TASK INPUT |
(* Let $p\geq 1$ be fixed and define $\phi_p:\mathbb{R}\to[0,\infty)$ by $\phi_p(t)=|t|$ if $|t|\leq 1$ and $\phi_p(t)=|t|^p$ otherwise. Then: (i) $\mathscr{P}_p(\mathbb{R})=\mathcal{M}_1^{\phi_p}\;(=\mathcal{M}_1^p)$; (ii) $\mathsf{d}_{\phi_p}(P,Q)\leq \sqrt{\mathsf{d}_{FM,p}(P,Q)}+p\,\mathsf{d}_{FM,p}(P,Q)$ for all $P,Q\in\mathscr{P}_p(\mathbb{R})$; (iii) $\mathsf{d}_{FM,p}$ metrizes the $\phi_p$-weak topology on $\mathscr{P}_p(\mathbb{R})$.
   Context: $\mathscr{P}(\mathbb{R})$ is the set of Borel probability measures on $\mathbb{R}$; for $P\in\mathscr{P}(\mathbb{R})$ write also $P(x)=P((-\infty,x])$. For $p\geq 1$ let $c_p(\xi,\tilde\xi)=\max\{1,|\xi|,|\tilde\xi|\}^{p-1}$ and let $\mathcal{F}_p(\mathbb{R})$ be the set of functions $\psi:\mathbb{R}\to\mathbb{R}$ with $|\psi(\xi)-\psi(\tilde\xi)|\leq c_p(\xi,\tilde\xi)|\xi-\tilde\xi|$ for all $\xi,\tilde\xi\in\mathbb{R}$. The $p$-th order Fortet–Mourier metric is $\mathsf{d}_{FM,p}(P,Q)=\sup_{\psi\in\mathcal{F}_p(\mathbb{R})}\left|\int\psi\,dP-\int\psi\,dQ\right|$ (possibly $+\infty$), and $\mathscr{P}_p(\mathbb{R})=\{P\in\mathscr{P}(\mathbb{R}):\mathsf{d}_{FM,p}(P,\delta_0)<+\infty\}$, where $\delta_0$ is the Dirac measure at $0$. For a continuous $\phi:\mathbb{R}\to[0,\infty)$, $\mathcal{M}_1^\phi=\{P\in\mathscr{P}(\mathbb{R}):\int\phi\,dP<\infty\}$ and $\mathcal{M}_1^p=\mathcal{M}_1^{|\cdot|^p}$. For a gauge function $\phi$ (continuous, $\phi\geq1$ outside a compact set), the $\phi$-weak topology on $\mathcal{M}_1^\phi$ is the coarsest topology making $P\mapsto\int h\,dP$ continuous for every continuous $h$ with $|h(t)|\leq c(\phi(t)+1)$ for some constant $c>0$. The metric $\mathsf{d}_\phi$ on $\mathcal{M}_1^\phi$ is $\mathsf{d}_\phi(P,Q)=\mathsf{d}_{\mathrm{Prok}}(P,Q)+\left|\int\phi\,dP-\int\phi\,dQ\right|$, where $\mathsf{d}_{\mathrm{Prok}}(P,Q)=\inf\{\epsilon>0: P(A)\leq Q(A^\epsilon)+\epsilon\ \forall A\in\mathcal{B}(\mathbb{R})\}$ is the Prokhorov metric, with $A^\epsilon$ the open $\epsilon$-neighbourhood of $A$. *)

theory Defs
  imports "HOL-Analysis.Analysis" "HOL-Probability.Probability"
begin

ACTION ITEM |
The entries above must be returned exactly.

RESPONSE TO THIS EXERCISE |
(* Let $p\geq 1$ be fixed and define $\phi_p:\mathbb{R}\to[0,\infty)$ by $\phi_p(t)=|t|$ if $|t|\leq 1$ and $\phi_p(t)=|t|^p$ otherwise. Then: (i) $\mathscr{P}_p(\mathbb{R})=\mathcal{M}_1^{\phi_p}\;(=\mathcal{M}_1^p)$; (ii) $\mathsf{d}_{\phi_p}(P,Q)\leq \sqrt{\mathsf{d}_{FM,p}(P,Q)}+p\,\mathsf{d}_{FM,p}(P,Q)$ for all $P,Q\in\mathscr{P}_p(\mathbb{R})$; (iii) $\mathsf{d}_{FM,p}$ metrizes the $\phi_p$-weak topology on $\mathscr{P}_p(\mathbb{R})$.
   Context: $\mathscr{P}(\mathbb{R})$ is the set of Borel probability measures on $\mathbb{R}$; for $P\in\mathscr{P}(\mathbb{R})$ write also $P(x)=P((-\infty,x])$. For $p\geq 1$ let $c_p(\xi,\tilde\xi)=\max\{1,|\xi|,|\tilde\xi|\}^{p-1}$ and let $\mathcal{F}_p(\mathbb{R})$ be the set of functions $\psi:\mathbb{R}\to\mathbb{R}$ with $|\psi(\xi)-\psi(\tilde\xi)|\leq c_p(\xi,\tilde\xi)|\xi-\tilde\xi|$ for all $\xi,\tilde\xi\in\mathbb{R}$. The $p$-th order Fortet–Mourier metric is $\mathsf{d}_{FM,p}(P,Q)=\sup_{\psi\in\mathcal{F}_p(\mathbb{R})}\left|\int\psi\,dP-\int\psi\,dQ\right|$ (possibly $+\infty$), and $\mathscr{P}_p(\mathbb{R})=\{P\in\mathscr{P}(\mathbb{R}):\mathsf{d}_{FM,p}(P,\delta_0)<+\infty\}$, where $\delta_0$ is the Dirac measure at $0$. For a continuous $\phi:\mathbb{R}\to[0,\infty)$, $\mathcal{M}_1^\phi=\{P\in\mathscr{P}(\mathbb{R}):\int\phi\,dP<\infty\}$ and $\mathcal{M}_1^p=\mathcal{M}_1^{|\cdot|^p}$. For a gauge function $\phi$ (continuous, $\phi\geq1$ outside a compact set), the $\phi$-weak topology on $\mathcal{M}_1^\phi$ is the coarsest topology making $P\mapsto\int h\,dP$ continuous for every continuous $h$ with $|h(t)|\leq c(\phi(t)+1)$ for some constant $c>0$. The metric $\mathsf{d}_\phi$ on $\mathcal{M}_1^\phi$ is $\mathsf{d}_\phi(P,Q)=\mathsf{d}_{\mathrm{Prok}}(P,Q)+\left|\int\phi\,dP-\int\phi\,dQ\right|$, where $\mathsf{d}_{\mathrm{Prok}}(P,Q)=\inf\{\epsilon>0: P(A)\leq Q(A^\epsilon)+\epsilon\ \forall A\in\mathcal{B}(\mathbb{R})\}$ is the Prokhorov metric, with $A^\epsilon$ the open $\epsilon$-neighbourhood of $A$. *)

theory Defs
  imports "HOL-Analysis.Analysis" "HOL-Probability.Probability"
begin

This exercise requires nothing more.